Given how black-and-white my parents’ beliefs are, I feel privileged to see the world in shades of grey. While our relationship has its problems, my beliefs weren’t forged through a period of rebellion. I was a rule-follower, and I can see my upbringing at the core of many of the beliefs I still hold dear.

But I think there was an influential moment at a young age which stuck with me. Unsurprisingly – it came from a work of fiction. Specifically, Return of the Jedi.

“You’re going to find that many of the truths we cling to depend greatly on our own point of view.”

Experience has only reinforced this over the years.

Truth isn’t simple. It is formed by an understanding of facts and an intent to authentic and trustworthy.

But it isn’t immune to bias. Facts can be incomplete, or poorly qualified. And sometimes the desire to be authentic and trustworthy results in conformity to expectations which may not themselves be as honorable as the intentions of the conformist.

We’re always telling a story. It’s always from one point of view. And while the truth we believe, the truths we espouse, may be grounded in fact – they are not themselves fact.

Tell your stories, but accept that your story may need to evolve over time as your world view expands and your knowledge deepens. Appreciate the challenge of those whose understanding and experience deviates from your own.

Unending Weeks

Amid the Covid crafting, unending unemployment, and child care nightmares your friends and family are plastering on social media, some of us haven’t taken advantage of a quarantine break. And not because we’ve had a mental breakdown because of the stress we’re all under.

Some of us simply haven’t had a break. We’re working the week that never ends – it just goes on and on my friends. We haven’t forgotten what day it is because we haven’t needed to keep a schedule. We’ve forgotten because our schedule hasn’t let up.

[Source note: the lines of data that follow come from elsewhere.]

lemma integral_curve_stays_near_start:
  fixes w :: "real^3 \<Rightarrow> real^3" and \<gamma> :: "real \<Rightarrow> real^3"
  assumes S: "closed_C2_surface \<Gamma> nrm"
    and w_deriv: "\<And>x. (w has_derivative w' x) (at x)"
    and w'_cont: "\<And>h. continuous_on UNIV (\<lambda>x. w' x h)"
    and tangent: "\<And>x. x \<in> \<Gamma> \<Longrightarrow> w x \<bullet> nrm x = 0"
    and curve: "\<And>t. (\<gamma> has_vector_derivative w (\<gamma> t)) (at t)"
    and start: "\<gamma> t0 \<in> \<Gamma>"
  obtains \<delta> where "\<delta> > 0" "\<And>t. \<bar>t - t0\<bar> < \<delta> \<Longrightarrow> \<gamma> t \<in> \<Gamma>"
proof -
  define p where "p = \<gamma> t0"
  obtain U and \<phi> :: "real^3 \<Rightarrow> real" and \<phi>' \<phi>'' where
    U: "open U" "p \<in> U" and
    d\<phi>: "\<forall>x\<in>U. (\<phi> has_derivative (\<lambda>h. \<phi>' x \<bullet> h)) (at x)" and
    d\<phi>': "\<forall>x\<in>U. (\<phi>' has_derivative \<phi>'' x) (at x)" and
    \<phi>''_cont: "\<forall>h. continuous_on U (\<lambda>x. \<phi>'' x h)" and
    regular: "\<forall>x\<in>U. \<phi>' x \<noteq> 0" and
    level: "\<Gamma> \<inter> U = {x\<in>U. \<phi> x = 0}" and
    normal: "\<forall>x\<in>\<Gamma> \<inter> U. nrm x = (1 / norm (\<phi>' x)) *\<^sub>R \<phi>' x"
    using closed_C2_surface_chart[OF S start[folded p_def]] by blast
  let ?g = "\<lambda>x. \<phi>' x \<bullet> w x"
  obtain e where "e > 0" "cball p e \<subseteq> U" using open_contains_cball[of U] U by blast
  obtain L where lip: "L-lipschitz_on (cball p e) ?g"
    using lipschitz_on_inner_of_C1[OF compact_cball convex_cball \<open>cball p e \<subseteq> U\<close> d\<phi>' \<phi>''_cont w_deriv w'_cont]
    by blast
  have "isCont \<phi>' p" using d\<phi>'[rule_format, OF U(2)] by (rule has_derivative_continuous)
  have "\<phi> p = 0" using level start U(2) by (auto simp: p_def)
  have lip_ball: "L-lipschitz_on (ball p e) ?g" using lip by (rule lipschitz_on_mono) auto
  \<comment> \<open>Tangency means that ?g vanishes on the zero set of \<phi>; being Lipschitz, it is O(\<phi>) near p.\<close>
  have vanish: "?g z = 0" if "z \<in> ball p e" "\<phi> z = 0" for z
  proof -
    have "z \<in> \<Gamma> \<inter> U" using that level \<open>cball p e \<subseteq> U\<close> by auto
    then have "w z \<bullet> nrm z = 0" using tangent by blast
    moreover have "nrm z = (1 / norm (\<phi>' z)) *\<^sub>R \<phi>' z" using normal \<open>z \<in> \<Gamma> \<inter> U\<close> by blast
    ultimately show ?thesis using regular \<open>z \<in> \<Gamma> \<inter> U\<close> by (simp add: inner_commute)
  qed
  obtain r K where "0 < r" "r \<le> e" and bound: "\<And>y. y \<in> ball p r \<Longrightarrow> \<bar>?g y\<bar> \<le> K * \<bar>\<phi> y\<bar>"
    using lipschitz_vanishing_on_regular_zero_set[OF U d\<phi>[rule_format] \<open>isCont \<phi>' p\<close>
        regular[rule_format, OF U(2)] \<open>\<phi> p = 0\<close> \<open>e > 0\<close> lip_ball vanish] by blast
  obtain \<delta> where "\<delta> > 0" and "\<forall>t. dist t t0 < \<delta> \<longrightarrow> dist (\<gamma> t) p < r"
    using has_vector_derivative_continuous[OF curve[of t0]] \<open>0 < r\<close>
    unfolding continuous_at_eps_delta p_def by blast
  then have close: "\<And>t. \<bar>t - t0\<bar> < \<delta> \<Longrightarrow> \<gamma> t \<in> ball p r"
    by (simp add: dist_real_def dist_commute)
  have in_U: "\<gamma> t \<in> U" if "\<bar>t - t0\<bar> < \<delta>" for t
    using close[OF that] \<open>r \<le> e\<close> \<open>cball p e \<subseteq> U\<close> by auto
  have zero: "\<phi> (\<gamma> t) = 0" if "\<bar>t - t0\<bar> < \<delta>" for t
  proof (rule gronwall_zero[where \<psi> = "\<lambda>t. \<phi> (\<gamma> t)" and \<psi>' = "\<lambda>t. ?g (\<gamma> t)" and K = K, OF _ _ _ that])
    fix s assume s: "\<bar>s - t0\<bar> < \<delta>"
    show "((\<lambda>t. \<phi> (\<gamma> t)) has_real_derivative ?g (\<gamma> s)) (at s)"
      using has_derivative_compose[OF curve[of s, unfolded has_vector_derivative_def] d\<phi>[rule_format, OF in_U[OF s]]]
      by (rule has_derivative_imp_has_field_derivative) simp
    show "\<bar>?g (\<gamma> s)\<bar> \<le> K * \<bar>\<phi> (\<gamma> s)\<bar>" using bound close[OF s] by blast
  qed (use \<open>\<phi> p = 0\<close> in \<open>simp add: p_def\<close>)
  have "\<gamma> t \<in> \<Gamma> \<inter> U" if "\<bar>t - t0\<bar> < \<delta>" for t
    using zero[OF that] in_U[OF that] level by blast
  then show ?thesis using that \<open>\<delta> > 0\<close> by blast
qed

lemma integral_curve_stays_in_surface:
  fixes w :: "real^3 \<Rightarrow> real^3" and \<gamma> :: "real \<Rightarrow> real^3"
  assumes S: "closed_C2_surface \<Gamma> nrm"
    and "\<And>x. (w has_derivative w' x) (at x)"
    and "\<And>h. continuous_on UNIV (\<lambda>x. w' x h)"
    and "\<And>x. x \<in> \<Gamma> \<Longrightarrow> w x \<bullet> nrm x = 0"
    and curve: "\<And>t. (\<gamma> has_vector_derivative w (\<gamma> t)) (at t)"
    and "\<gamma> 0 \<in> \<Gamma>"
  shows "\<gamma> t \<in> \<Gamma>"
proof -
  let ?A = "\<gamma> -` \<Gamma>"
  have "closed \<Gamma>" using closed_C2_surface_compact[OF S] by (rule compact_imp_closed)
  then have "closed ?A"
    by (rule continuous_closed_vimage[OF _ has_vector_derivative_continuous[OF curve]])
  moreover have "open ?A"
  proof (rule openI)
    fix t0 assume "t0 \<in> ?A"
    then obtain \<delta> where "\<delta> > 0" and near: "\<And>t. \<bar>t - t0\<bar> < \<delta> \<Longrightarrow> \<gamma> t \<in> \<Gamma>"
      using integral_curve_stays_near_start[OF assms(1-5)] by blast
    have "ball t0 \<delta> \<subseteq> ?A" using near by (auto simp: dist_real_def abs_minus_commute)
    with \<open>\<delta> > 0\<close> show "\<exists>e>0. ball t0 e \<subseteq> ?A" by blast
  qed
  moreover have "0 \<in> ?A" using \<open>\<gamma> 0 \<in> \<Gamma>\<close> by simp
  ultimately have "?A = UNIV" using clopen[of ?A] by blast
  then show ?thesis by auto
qed

lemma curve_in_surface_tangent:
  fixes \<gamma> :: "real \<Rightarrow> real^3"
  assumes S: "closed_C2_surface \<Gamma> nrm"
    and in_surface: "\<And>\<theta>. \<gamma> \<theta> \<in> \<Gamma>"
    and deriv: "(\<gamma> has_vector_derivative v) (at 0)"
  shows "v \<bullet> nrm (\<gamma> 0) = 0"
proof -
  obtain U and \<phi> :: "real^3 \<Rightarrow> real" and \<phi>' \<phi>'' where
    U: "open U" "\<gamma> 0 \<in> U" and
    d\<phi>: "\<forall>x\<in>U. (\<phi> has_derivative (\<lambda>h. \<phi>' x \<bullet> h)) (at x)" and
    "\<forall>x\<in>U. (\<phi>' has_derivative \<phi>'' x) (at x)" "\<forall>h. continuous_on U (\<lambda>x. \<phi>'' x h)"
    "\<forall>x\<in>U. \<phi>' x \<noteq> 0" and
    level: "\<Gamma> \<inter> U = {x\<in>U. \<phi> x = 0}" and
    normal: "\<forall>x\<in>\<Gamma> \<inter> U. nrm x = (1 / norm (\<phi>' x)) *\<^sub>R \<phi>' x"
    by (rule closed_C2_surface_chart[OF S in_surface])
  have "((\<lambda>\<theta>. \<phi> (\<gamma> \<theta>)) has_real_derivative \<phi>' (\<gamma> 0) \<bullet> v) (at 0)"
    using has_derivative_compose[OF deriv[unfolded has_vector_derivative_def] d\<phi>[rule_format, OF U(2)]]
    by (rule has_derivative_imp_has_field_derivative) simp
  moreover have "((\<lambda>\<theta>. \<phi> (\<gamma> \<theta>)) has_real_derivative 0) (at 0)"
  proof -
    have "(\<gamma> \<longlongrightarrow> \<gamma> 0) (nhds 0)"
      using has_vector_derivative_continuous[OF deriv] by (simp add: isCont_def tendsto_at_iff_tendsto_nhds)
    then have "eventually (\<lambda>\<theta>. \<gamma> \<theta> \<in> U) (nhds 0)" using U by (rule topological_tendstoD)
    then have "eventually (\<lambda>\<theta>. \<phi> (\<gamma> \<theta>) = 0) (nhds 0)"
      by eventually_elim (use in_surface level in auto)
    then have "((\<lambda>\<theta>. \<phi> (\<gamma> \<theta>)) has_real_derivative 0) (at 0) \<longleftrightarrow> ((\<lambda>\<theta>. 0) has_real_derivative 0) (at 0)"
      by (intro DERIV_cong_ev) auto
    then show ?thesis by simp
  qed
  ultimately have "\<phi>' (\<gamma> 0) \<bullet> v = 0" by (rule DERIV_unique)
  then show ?thesis using normal in_surface U(2) by (simp add: inner_commute)
qed

lemma rot_axis_zero [simp]: "rot_axis u 0 v = v"
  by (simp add: rot_axis_def)

lemma inner_rot_axis_axis: "u \<bullet> u = 1 \<Longrightarrow> u \<bullet> rot_axis u \<theta> v = u \<bullet> v"
  by (simp add: rot_axis_def inner_add_right dot_cross_self algebra_simps)

lemma cross_axis_rot_axis:
  "u \<bullet> u = 1 \<Longrightarrow> cross3 u (rot_axis u \<theta> v) = cos \<theta> *\<^sub>R cross3 u v + sin \<theta> *\<^sub>R ((u \<bullet> v) *\<^sub>R u - v)"
  by (simp add: rot_axis_def cross_add_right cross_mult_right Lagrange)

lemma rot_axis_add:
  assumes "u \<bullet> u = 1"
  shows "rot_axis u (\<alpha> + \<beta>) v = rot_axis u \<alpha> (rot_axis u \<beta> v)"
proof -
  have "rot_axis u \<alpha> (rot_axis u \<beta> v) = cos \<alpha> *\<^sub>R rot_axis u \<beta> v
      + sin \<alpha> *\<^sub>R cross3 u (rot_axis u \<beta> v) + ((1 - cos \<alpha>) * (u \<bullet> v)) *\<^sub>R u"
    using inner_rot_axis_axis[OF assms] by (simp add: rot_axis_def)
  also have "\<dots> = rot_axis u (\<alpha> + \<beta>) v"
    unfolding cross_axis_rot_axis[OF assms] by (simp add: rot_axis_def cos_add sin_add algebra_simps)
  finally show ?thesis by simp
qed

lemma rot_axis_has_vector_derivative:
  assumes "u \<bullet> u = 1"
  shows "((\<lambda>t. rot_axis u (t * \<omega>) v) has_vector_derivative \<omega> *\<^sub>R cross3 u (rot_axis u (t * \<omega>) v)) (at t)"
proof -
  have "((\<lambda>t. rot_axis u (t * \<omega>) v) has_vector_derivative
     (- sin (t * \<omega>) * \<omega>) *\<^sub>R v + (cos (t * \<omega>) * \<omega>) *\<^sub>R cross3 u v + (sin (t * \<omega>) * \<omega> * (u \<bullet> v)) *\<^sub>R u) (at t)"
    unfolding rot_axis_def by (rule derivative_eq_intros refl | simp)+
  then show ?thesis
    by (simp add: cross_axis_rot_axis[OF assms] algebra_simps)
qed

text \<open>For a \<noteq> 0 the flow of x \<mapsto> a \<times> x + b is a screw motion: rotation with angular speed
  norm a about the line through b_a = (a \<times> b) / norm a ^ 2 parallel to a, combined with a
  translation along that line with speed (a \<bullet> b) / norm a.\<close>

definition screw_axis_point :: "real^3 \<Rightarrow> real^3 \<Rightarrow> real^3" where
  "screw_axis_point a b = (1 / (norm a)\<^sup>2) *\<^sub>R cross3 a b"

definition screw_flow :: "real^3 \<Rightarrow> real^3 \<Rightarrow> real \<Rightarrow> real^3 \<Rightarrow> real^3" where
  "screw_flow a b t x =
     screw_axis_point a b + rot_axis ((1 / norm a) *\<^sub>R a) (t * norm a) (x - screw_axis_point a b)
     + t *\<^sub>R (((a \<bullet> b) / (norm a)\<^sup>2) *\<^sub>R a)"

lemma unit_axis_inner_self: "a \<noteq> 0 \<Longrightarrow> ((1 / norm a) *\<^sub>R a) \<bullet> ((1 / norm a) *\<^sub>R a) = 1"
  by (simp add: power2_norm_eq_inner[symmetric] power2_eq_square)

lemma screw_flow_zero [simp]: "screw_flow a b 0 x = x"
  by (simp add: screw_flow_def)

lemma screw_flow_has_vector_derivative:
  assumes "a \<noteq> 0"
  shows "((\<lambda>t. screw_flow a b t x) has_vector_derivative cross3 a (screw_flow a b t x) + b) (at t)"
proof -
  define u where "u = (1 / norm a) *\<^sub>R a"
  define c where "c = screw_axis_point a b"
  define k where "k = (a \<bullet> b) / (norm a)\<^sup>2"
  have cross_a: "cross3 a v = norm a *\<^sub>R cross3 u v" for v
    using assms by (simp add: u_def cross_mult_left)
  have "cross3 a c + b = k *\<^sub>R a"
    using assms by (simp add: c_def k_def screw_axis_point_def cross_mult_right Lagrange
        power2_norm_eq_inner[symmetric] algebra_simps)
  then have "cross3 a (screw_flow a b t x) + b = norm a *\<^sub>R cross3 u (rot_axis u (t * norm a) (x - c)) + k *\<^sub>R a"
    unfolding screw_flow_def c_def[symmetric] u_def[symmetric] k_def[symmetric]
    by (simp add: cross_add_right cross_mult_right cross_a[of "rot_axis u (t * norm a) (x - c)"] algebra_simps)
  moreover have "((\<lambda>t. screw_flow a b t x) has_vector_derivative
      norm a *\<^sub>R cross3 u (rot_axis u (t * norm a) (x - c)) + k *\<^sub>R a) (at t)"
    unfolding screw_flow_def c_def[symmetric] u_def[symmetric] k_def[symmetric]
    using rot_axis_has_vector_derivative[OF unit_axis_inner_self[OF assms, folded u_def]]
    by (auto intro!: derivative_eq_intros)
  ultimately show ?thesis by simp
qed

lemma inner_screw_flow:
  assumes "a \<noteq> 0"
  shows "a \<bullet> screw_flow a b t x = a \<bullet> x + t * (a \<bullet> b)"
proof -
  define u where "u = (1 / norm a) *\<^sub>R a"
  have "a \<bullet> rot_axis u \<theta> v = a \<bullet> v" for \<theta> v
    using inner_rot_axis_axis[OF unit_axis_inner_self[OF assms, folded u_def]] assms
    by (simp add: u_def)
  then show ?thesis
    using assms
    by (simp add: screw_flow_def u_def[symmetric] screw_axis_point_def inner_add_right
        inner_diff_right dot_cross_self power2_norm_eq_inner[symmetric])
qed

lemma screw_flow_rotation:
  assumes "a \<noteq> 0" "a \<bullet> b = 0"
  shows "screw_flow a b (\<theta> / norm a) x
    = screw_axis_point a b + rot_axis ((1 / norm a) *\<^sub>R a) \<theta> (x - screw_axis_point a b)"
  using assms by (simp add: screw_flow_def)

We’re not talking about working 7 days each week for a few months, but increased work demands which have created similar non-work demands in a world where all of your interactions look the same. You have a Google Meet with your team at work on Friday, and a Zoom meeting with your friends on Saturday. You worked 10 hour days Monday – Friday because you’re in one of those industries which got busier in the face of the pandemic – but on the weekend you’re still glued to your computer, upskilling and job hunting on the weekend because that same industry is clearly in a bubble which is sure to burst once your clients’ lack of revenue turns into your company’s lack of revenue.

And unlike your friend Kevin, you may not be relying on unemployment checks to cover your bills, but you also don’t have an extra 40 hours out of your week to invest in preparing to pivot your career.

You know it could be worse. You are grateful you’re one of the lucky ones to have had nothing worse than a freeze placed on your merit increase.

But that gratitude doesn’t make your week any less exhausting. You struggle with guilt when you decide to park your seat in your living room to watch some baseball on TV when you know you should be customizing a cover letter or working through a Udemy course or prepping for PMP certification.

You want someone to tell you it gets better, or that the sacrifices and the hustle are worth it.

The truth is – no one can tell you that, because even the experts have proven they don’t know.

What you need to hear, is that you can do this. You deserve to watch that MLB, to have beer out on the deck, to go for a hike on a local trail. But you’re not going to spend all day doing that – no matter how much you want to. You are going to eat some vegetables, get some exercise (15 minutes will do – you know you’re busy), put down your phone and get some real sleep – and you are going to keep hustling.

The key is to make time to bounce back. You’re not sprinting. This is a marathon. And it’s a marathon you didn’t train for and which doesn’t have enough water stations. Don’t try to come in first – it’s not worth the effort. Let some other over achiever risk hospitalization over that nonsense. But finish. Walk. Crawl. Take a break on a park bench along the way. But don’t give up. For better or worse you’ll get through this. Just don’t give up.